HOW TO COMPLETE THIS TASK:
Return every entry in full, with no alterations.

RECORD EXTRACTS:
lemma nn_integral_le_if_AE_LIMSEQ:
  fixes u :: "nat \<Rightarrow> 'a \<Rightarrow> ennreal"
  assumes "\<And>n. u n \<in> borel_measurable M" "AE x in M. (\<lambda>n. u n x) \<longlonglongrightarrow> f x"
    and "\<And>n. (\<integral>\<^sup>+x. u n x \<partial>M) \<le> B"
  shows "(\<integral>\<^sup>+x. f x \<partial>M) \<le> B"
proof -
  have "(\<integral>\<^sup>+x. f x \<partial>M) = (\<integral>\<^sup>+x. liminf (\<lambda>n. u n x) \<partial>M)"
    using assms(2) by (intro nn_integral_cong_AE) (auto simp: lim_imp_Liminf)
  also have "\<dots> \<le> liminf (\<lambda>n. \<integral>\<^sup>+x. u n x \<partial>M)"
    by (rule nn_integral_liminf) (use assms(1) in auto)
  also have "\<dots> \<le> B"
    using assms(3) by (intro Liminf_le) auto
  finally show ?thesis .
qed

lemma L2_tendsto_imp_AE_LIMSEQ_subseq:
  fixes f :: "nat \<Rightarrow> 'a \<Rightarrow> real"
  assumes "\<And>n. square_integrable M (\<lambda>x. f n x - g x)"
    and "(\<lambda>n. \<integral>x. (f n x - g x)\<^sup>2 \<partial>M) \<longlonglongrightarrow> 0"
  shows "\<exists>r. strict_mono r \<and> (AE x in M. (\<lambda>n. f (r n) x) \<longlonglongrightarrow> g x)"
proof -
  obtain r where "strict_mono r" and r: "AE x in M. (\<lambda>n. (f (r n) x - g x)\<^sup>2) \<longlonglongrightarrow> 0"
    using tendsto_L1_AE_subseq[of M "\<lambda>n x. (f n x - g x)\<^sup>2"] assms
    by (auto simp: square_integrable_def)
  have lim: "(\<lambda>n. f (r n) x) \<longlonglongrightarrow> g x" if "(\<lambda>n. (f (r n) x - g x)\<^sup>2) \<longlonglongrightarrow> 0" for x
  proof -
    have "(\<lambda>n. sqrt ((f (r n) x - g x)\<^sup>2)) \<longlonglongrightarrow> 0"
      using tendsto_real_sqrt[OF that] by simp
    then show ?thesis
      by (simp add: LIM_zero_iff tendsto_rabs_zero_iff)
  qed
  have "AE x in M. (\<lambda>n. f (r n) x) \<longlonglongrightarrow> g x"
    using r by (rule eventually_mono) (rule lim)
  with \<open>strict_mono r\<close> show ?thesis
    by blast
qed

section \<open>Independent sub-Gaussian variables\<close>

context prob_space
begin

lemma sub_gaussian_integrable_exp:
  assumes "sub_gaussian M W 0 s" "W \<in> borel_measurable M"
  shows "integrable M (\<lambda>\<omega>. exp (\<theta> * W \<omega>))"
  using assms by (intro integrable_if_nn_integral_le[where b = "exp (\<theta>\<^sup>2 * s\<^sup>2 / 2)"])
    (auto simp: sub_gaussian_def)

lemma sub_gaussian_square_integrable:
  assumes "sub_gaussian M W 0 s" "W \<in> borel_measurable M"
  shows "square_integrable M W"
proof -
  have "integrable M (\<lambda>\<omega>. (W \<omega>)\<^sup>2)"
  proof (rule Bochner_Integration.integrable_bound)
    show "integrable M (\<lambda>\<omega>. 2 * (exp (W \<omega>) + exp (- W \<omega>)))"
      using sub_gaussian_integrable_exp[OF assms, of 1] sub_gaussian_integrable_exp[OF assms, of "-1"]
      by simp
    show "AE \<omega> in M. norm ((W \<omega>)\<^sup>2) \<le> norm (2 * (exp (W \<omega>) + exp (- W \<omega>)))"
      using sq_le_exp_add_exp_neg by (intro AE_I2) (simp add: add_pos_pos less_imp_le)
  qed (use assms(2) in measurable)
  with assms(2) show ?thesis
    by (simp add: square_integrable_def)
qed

WRITTEN SOLUTION:
lemma nn_integral_le_if_AE_LIMSEQ:
  fixes u :: "nat \<Rightarrow> 'a \<Rightarrow> ennreal"
  assumes "\<And>n. u n \<in> borel_measurable M" "AE x in M. (\<lambda>n. u n x) \<longlonglongrightarrow> f x"
    and "\<And>n. (\<integral>\<^sup>+x. u n x \<partial>M) \<le> B"
  shows "(\<integral>\<^sup>+x. f x \<partial>M) \<le> B"
proof -
  have "(\<integral>\<^sup>+x. f x \<partial>M) = (\<integral>\<^sup>+x. liminf (\<lambda>n. u n x) \<partial>M)"
    using assms(2) by (intro nn_integral_cong_AE) (auto simp: lim_imp_Liminf)
  also have "\<dots> \<le> liminf (\<lambda>n. \<integral>\<^sup>+x. u n x \<partial>M)"
    by (rule nn_integral_liminf) (use assms(1) in auto)
  also have "\<dots> \<le> B"
    using assms(3) by (intro Liminf_le) auto
  finally show ?thesis .
qed

lemma L2_tendsto_imp_AE_LIMSEQ_subseq:
  fixes f :: "nat \<Rightarrow> 'a \<Rightarrow> real"
  assumes "\<And>n. square_integrable M (\<lambda>x. f n x - g x)"
    and "(\<lambda>n. \<integral>x. (f n x - g x)\<^sup>2 \<partial>M) \<longlonglongrightarrow> 0"
  shows "\<exists>r. strict_mono r \<and> (AE x in M. (\<lambda>n. f (r n) x) \<longlonglongrightarrow> g x)"
proof -
  obtain r where "strict_mono r" and r: "AE x in M. (\<lambda>n. (f (r n) x - g x)\<^sup>2) \<longlonglongrightarrow> 0"
    using tendsto_L1_AE_subseq[of M "\<lambda>n x. (f n x - g x)\<^sup>2"] assms
    by (auto simp: square_integrable_def)
  have lim: "(\<lambda>n. f (r n) x) \<longlonglongrightarrow> g x" if "(\<lambda>n. (f (r n) x - g x)\<^sup>2) \<longlonglongrightarrow> 0" for x
  proof -
    have "(\<lambda>n. sqrt ((f (r n) x - g x)\<^sup>2)) \<longlonglongrightarrow> 0"
      using tendsto_real_sqrt[OF that] by simp
    then show ?thesis
      by (simp add: LIM_zero_iff tendsto_rabs_zero_iff)
  qed
  have "AE x in M. (\<lambda>n. f (r n) x) \<longlonglongrightarrow> g x"
    using r by (rule eventually_mono) (rule lim)
  with \<open>strict_mono r\<close> show ?thesis
    by blast
qed

section \<open>Independent sub-Gaussian variables\<close>

context prob_space
begin

lemma sub_gaussian_integrable_exp:
  assumes "sub_gaussian M W 0 s" "W \<in> borel_measurable M"
  shows "integrable M (\<lambda>\<omega>. exp (\<theta> * W \<omega>))"
  using assms by (intro integrable_if_nn_integral_le[where b = "exp (\<theta>\<^sup>2 * s\<^sup>2 / 2)"])
    (auto simp: sub_gaussian_def)

lemma sub_gaussian_square_integrable:
  assumes "sub_gaussian M W 0 s" "W \<in> borel_measurable M"
  shows "square_integrable M W"
proof -
  have "integrable M (\<lambda>\<omega>. (W \<omega>)\<^sup>2)"
  proof (rule Bochner_Integration.integrable_bound)
    show "integrable M (\<lambda>\<omega>. 2 * (exp (W \<omega>) + exp (- W \<omega>)))"
      using sub_gaussian_integrable_exp[OF assms, of 1] sub_gaussian_integrable_exp[OF assms, of "-1"]
      by simp
    show "AE \<omega> in M. norm ((W \<omega>)\<^sup>2) \<le> norm (2 * (exp (W \<omega>) + exp (- W \<omega>)))"
      using sq_le_exp_add_exp_neg by (intro AE_I2) (simp add: add_pos_pos less_imp_le)
  qed (use assms(2) in measurable)
  with assms(2) show ?thesis
    by (simp add: square_integrable_def)
qed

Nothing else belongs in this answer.